[Start of section]
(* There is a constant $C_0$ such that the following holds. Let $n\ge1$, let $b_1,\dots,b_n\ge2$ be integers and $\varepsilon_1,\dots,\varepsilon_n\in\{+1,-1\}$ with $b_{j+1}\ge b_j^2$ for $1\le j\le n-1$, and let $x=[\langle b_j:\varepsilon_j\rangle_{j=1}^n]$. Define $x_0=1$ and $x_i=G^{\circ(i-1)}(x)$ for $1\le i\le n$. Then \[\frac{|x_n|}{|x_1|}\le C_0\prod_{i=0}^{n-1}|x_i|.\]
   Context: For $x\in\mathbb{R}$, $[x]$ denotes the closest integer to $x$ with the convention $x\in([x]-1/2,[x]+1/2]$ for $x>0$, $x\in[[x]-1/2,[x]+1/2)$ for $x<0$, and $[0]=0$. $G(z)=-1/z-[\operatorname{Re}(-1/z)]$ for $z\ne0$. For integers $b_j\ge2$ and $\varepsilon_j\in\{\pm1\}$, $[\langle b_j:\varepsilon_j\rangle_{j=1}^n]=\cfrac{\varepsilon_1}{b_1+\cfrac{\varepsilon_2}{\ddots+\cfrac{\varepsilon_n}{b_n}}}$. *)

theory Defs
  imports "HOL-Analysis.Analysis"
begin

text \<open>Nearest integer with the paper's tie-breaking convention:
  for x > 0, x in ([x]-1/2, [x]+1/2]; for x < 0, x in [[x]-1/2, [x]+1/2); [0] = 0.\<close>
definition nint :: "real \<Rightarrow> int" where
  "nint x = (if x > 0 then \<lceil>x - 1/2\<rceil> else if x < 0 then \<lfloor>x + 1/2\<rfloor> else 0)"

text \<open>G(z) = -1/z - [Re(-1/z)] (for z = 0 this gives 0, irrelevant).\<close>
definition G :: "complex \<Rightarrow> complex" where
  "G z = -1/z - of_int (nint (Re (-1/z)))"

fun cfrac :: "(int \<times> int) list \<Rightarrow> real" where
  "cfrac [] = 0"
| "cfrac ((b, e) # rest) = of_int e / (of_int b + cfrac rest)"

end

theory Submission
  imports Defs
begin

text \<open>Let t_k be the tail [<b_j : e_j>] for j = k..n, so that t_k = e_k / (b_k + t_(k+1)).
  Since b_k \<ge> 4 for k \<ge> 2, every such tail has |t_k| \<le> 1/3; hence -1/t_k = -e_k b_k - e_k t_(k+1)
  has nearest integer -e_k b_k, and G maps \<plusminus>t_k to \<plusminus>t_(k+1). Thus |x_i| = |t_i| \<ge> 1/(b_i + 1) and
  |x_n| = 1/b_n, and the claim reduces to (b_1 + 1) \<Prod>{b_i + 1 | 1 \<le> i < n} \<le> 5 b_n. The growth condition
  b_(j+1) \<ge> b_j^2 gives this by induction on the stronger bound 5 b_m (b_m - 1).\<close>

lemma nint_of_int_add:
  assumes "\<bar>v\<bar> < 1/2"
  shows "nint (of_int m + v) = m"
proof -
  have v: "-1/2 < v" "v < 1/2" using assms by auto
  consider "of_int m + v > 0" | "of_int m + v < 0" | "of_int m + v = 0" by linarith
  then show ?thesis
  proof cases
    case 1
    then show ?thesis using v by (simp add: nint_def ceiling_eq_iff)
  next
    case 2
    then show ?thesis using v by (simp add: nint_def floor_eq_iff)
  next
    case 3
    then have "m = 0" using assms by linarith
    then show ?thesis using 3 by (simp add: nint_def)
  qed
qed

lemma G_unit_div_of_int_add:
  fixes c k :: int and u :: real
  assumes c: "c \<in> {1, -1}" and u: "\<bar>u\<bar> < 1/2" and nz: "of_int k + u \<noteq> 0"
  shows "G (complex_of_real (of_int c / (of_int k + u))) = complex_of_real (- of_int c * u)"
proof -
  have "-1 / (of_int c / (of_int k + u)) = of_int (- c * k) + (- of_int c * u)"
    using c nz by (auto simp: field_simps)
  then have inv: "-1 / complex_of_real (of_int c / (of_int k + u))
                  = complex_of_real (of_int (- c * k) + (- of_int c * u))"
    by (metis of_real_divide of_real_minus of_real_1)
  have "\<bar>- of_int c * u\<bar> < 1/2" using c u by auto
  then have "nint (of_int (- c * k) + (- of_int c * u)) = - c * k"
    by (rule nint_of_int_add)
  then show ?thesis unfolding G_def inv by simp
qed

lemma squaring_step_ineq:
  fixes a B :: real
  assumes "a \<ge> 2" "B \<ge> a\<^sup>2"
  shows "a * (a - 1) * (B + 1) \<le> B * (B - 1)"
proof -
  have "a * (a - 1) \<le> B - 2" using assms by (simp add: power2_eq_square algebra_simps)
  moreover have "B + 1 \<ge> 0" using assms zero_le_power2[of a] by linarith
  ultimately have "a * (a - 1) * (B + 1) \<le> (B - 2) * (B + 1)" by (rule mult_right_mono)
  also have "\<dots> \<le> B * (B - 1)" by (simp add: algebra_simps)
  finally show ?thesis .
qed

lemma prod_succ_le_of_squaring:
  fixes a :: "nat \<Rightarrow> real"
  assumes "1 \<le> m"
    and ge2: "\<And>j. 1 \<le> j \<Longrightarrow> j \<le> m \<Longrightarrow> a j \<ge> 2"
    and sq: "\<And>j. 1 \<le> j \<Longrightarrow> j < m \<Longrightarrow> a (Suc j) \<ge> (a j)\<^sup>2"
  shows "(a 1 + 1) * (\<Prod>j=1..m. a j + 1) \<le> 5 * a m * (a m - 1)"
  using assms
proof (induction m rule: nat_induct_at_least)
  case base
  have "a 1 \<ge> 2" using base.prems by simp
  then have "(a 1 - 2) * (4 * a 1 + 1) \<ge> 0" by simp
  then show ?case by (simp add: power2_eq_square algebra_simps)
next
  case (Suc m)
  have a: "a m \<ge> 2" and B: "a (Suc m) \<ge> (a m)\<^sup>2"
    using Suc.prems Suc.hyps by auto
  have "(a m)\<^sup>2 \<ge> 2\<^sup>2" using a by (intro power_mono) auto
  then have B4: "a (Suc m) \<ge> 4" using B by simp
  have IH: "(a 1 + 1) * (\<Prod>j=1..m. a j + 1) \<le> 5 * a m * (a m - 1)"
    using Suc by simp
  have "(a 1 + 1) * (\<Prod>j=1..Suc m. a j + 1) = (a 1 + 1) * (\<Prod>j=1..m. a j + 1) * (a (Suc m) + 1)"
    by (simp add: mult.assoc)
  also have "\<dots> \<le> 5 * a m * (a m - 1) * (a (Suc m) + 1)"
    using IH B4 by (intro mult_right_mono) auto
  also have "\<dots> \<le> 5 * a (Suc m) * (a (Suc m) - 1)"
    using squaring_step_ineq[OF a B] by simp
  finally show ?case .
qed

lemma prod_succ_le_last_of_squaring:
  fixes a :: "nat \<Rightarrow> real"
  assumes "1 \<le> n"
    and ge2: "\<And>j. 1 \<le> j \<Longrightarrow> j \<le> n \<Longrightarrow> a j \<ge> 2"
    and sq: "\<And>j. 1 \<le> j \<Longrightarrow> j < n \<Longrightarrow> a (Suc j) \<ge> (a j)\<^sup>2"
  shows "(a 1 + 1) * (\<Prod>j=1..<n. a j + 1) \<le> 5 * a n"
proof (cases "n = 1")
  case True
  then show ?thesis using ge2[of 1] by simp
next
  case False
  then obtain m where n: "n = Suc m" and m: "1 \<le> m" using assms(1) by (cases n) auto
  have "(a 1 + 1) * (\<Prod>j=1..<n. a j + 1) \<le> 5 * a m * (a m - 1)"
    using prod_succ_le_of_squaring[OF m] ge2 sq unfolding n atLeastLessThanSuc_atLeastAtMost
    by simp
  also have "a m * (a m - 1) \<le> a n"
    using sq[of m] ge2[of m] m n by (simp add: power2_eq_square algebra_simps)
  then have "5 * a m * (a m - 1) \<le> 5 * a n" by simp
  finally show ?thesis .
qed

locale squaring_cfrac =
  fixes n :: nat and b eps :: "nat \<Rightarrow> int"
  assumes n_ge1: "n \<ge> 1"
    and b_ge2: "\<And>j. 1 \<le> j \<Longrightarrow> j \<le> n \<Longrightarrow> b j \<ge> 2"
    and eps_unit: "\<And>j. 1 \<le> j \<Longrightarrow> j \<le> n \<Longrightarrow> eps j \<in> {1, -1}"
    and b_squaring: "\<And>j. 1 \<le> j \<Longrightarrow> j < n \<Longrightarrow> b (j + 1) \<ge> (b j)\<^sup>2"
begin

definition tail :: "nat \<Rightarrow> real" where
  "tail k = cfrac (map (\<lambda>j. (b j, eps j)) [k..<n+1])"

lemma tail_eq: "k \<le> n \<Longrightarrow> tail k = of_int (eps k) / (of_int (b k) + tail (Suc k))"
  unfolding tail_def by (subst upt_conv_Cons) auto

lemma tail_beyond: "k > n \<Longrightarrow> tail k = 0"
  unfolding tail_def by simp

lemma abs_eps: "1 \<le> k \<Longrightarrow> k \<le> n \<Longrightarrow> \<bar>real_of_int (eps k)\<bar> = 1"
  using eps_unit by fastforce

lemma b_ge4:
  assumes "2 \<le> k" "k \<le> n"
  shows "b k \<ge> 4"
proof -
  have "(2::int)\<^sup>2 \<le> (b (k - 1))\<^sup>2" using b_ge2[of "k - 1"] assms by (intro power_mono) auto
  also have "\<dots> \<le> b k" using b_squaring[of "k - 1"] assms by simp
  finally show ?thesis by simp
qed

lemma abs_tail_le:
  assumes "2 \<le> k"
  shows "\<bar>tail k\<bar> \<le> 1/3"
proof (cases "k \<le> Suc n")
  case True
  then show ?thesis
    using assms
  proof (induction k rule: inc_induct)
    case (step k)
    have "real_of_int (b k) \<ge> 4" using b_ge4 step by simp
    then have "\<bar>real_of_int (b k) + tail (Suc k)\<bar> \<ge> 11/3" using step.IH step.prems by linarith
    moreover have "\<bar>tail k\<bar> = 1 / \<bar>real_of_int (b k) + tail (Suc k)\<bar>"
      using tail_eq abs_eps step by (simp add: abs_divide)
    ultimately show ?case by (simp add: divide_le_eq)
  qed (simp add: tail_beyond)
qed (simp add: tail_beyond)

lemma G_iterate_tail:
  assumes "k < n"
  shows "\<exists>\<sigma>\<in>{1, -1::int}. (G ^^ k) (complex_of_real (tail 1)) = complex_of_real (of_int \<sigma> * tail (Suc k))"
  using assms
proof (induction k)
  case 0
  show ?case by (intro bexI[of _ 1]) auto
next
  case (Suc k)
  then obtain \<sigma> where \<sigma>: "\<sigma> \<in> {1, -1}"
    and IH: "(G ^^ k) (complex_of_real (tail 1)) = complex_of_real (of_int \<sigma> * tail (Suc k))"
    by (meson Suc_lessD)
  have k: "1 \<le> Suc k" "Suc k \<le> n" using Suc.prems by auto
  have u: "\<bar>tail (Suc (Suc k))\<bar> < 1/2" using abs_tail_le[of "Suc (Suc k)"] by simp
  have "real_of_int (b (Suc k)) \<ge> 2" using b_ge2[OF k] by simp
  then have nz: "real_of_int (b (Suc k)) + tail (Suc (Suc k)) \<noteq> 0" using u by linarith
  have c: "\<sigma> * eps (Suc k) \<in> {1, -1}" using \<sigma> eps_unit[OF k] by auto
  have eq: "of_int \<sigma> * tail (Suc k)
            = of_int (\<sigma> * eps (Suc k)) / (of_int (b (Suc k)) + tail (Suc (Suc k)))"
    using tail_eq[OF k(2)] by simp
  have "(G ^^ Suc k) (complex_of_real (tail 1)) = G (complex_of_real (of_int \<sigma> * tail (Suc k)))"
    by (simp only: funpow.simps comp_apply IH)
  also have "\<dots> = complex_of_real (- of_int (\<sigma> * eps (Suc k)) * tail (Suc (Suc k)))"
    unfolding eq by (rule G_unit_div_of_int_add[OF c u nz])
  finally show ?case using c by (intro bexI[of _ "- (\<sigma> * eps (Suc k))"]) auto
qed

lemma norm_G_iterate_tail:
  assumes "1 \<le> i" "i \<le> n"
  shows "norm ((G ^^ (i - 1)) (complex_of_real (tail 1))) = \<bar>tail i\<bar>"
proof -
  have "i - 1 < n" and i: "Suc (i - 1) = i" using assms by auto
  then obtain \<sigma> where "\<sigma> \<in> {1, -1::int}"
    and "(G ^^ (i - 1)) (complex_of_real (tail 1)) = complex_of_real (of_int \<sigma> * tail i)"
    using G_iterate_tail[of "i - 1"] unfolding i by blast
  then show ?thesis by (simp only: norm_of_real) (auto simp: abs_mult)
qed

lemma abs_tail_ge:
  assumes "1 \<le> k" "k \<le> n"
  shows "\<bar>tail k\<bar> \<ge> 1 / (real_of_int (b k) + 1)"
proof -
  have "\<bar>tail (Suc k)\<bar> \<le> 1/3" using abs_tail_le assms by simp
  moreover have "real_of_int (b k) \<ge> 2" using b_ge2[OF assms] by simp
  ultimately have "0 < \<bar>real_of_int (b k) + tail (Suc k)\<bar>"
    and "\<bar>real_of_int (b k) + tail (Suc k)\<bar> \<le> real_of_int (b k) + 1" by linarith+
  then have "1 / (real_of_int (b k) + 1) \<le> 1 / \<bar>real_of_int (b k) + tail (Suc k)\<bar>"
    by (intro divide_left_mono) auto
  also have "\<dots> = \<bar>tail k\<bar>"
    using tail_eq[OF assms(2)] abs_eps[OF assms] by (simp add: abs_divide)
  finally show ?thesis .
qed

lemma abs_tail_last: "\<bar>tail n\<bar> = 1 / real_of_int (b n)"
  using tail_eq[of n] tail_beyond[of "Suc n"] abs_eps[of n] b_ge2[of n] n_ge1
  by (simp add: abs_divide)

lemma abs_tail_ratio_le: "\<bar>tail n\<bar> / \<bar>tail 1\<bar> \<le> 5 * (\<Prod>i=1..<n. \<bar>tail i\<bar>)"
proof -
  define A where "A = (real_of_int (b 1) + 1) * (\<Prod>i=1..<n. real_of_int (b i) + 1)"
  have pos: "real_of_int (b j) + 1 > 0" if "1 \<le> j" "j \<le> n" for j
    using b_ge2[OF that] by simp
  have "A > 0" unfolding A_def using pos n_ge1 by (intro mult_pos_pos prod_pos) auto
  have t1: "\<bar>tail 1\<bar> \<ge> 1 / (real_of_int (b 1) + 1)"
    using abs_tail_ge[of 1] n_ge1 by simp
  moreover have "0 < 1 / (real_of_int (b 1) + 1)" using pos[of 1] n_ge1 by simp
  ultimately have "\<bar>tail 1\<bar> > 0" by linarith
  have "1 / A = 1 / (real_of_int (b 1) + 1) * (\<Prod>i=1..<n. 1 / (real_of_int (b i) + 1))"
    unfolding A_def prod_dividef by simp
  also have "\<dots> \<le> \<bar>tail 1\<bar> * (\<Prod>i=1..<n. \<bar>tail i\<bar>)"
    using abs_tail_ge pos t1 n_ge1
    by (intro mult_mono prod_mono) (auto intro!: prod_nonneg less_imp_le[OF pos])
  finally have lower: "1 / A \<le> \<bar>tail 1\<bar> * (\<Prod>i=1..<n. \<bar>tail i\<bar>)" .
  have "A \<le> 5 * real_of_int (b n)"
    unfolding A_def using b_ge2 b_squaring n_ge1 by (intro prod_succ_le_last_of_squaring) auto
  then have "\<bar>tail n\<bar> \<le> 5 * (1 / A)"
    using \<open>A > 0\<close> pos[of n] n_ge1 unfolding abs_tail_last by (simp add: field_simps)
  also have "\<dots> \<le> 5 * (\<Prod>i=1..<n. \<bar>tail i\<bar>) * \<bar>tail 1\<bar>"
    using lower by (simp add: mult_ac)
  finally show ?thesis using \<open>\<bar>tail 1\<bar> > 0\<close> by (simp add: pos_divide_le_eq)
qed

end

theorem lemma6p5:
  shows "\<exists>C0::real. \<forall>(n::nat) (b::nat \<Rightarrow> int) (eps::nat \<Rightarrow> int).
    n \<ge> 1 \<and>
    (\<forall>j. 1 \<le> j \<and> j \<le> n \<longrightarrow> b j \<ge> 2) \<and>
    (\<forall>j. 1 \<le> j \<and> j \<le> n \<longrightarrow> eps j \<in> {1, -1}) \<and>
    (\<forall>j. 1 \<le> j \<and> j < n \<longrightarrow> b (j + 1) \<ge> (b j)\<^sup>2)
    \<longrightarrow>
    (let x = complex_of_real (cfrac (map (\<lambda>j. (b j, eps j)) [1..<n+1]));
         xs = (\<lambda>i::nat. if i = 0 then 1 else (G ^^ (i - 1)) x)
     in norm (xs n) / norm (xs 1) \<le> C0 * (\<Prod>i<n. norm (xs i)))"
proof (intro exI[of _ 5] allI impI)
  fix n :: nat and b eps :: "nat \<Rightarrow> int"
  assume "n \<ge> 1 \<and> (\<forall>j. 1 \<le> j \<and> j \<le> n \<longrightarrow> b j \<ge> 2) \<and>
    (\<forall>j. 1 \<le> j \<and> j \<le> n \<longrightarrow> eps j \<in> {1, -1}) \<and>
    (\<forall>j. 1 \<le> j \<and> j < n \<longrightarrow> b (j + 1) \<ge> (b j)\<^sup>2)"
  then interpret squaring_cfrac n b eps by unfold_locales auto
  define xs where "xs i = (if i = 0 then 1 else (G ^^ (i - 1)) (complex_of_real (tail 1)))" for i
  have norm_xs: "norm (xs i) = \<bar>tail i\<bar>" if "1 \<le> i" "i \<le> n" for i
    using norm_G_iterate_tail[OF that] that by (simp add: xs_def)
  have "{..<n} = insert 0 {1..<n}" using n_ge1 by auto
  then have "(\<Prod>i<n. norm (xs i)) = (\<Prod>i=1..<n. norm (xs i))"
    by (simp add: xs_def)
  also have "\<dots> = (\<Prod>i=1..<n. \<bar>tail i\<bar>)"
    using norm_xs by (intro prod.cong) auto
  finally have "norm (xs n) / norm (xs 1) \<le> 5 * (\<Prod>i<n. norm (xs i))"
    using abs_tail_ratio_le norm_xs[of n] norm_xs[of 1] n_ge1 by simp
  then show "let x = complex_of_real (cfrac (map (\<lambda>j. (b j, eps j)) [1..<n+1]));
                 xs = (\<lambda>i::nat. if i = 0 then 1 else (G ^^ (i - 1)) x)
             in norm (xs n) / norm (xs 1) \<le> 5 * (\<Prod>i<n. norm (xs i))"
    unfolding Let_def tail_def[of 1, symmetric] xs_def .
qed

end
[End of section]
WHAT YOU ARE ASKED TO DO – What is needed is a verbatim copy of every line in the records above from the one containing "using Suc.prems Suc.hyps by auto" down to the one containing "by (simp add: mult.assoc)", both included, and nothing more.

RESPONSE BELOW –
    using Suc.prems Suc.hyps by auto
  have "(a m)\<^sup>2 \<ge> 2\<^sup>2" using a by (intro power_mono) auto
  then have B4: "a (Suc m) \<ge> 4" using B by simp
  have IH: "(a 1 + 1) * (\<Prod>j=1..m. a j + 1) \<le> 5 * a m * (a m - 1)"
    using Suc by simp
  have "(a 1 + 1) * (\<Prod>j=1..Suc m. a j + 1) = (a 1 + 1) * (\<Prod>j=1..m. a j + 1) * (a (Suc m) + 1)"
    by (simp add: mult.assoc)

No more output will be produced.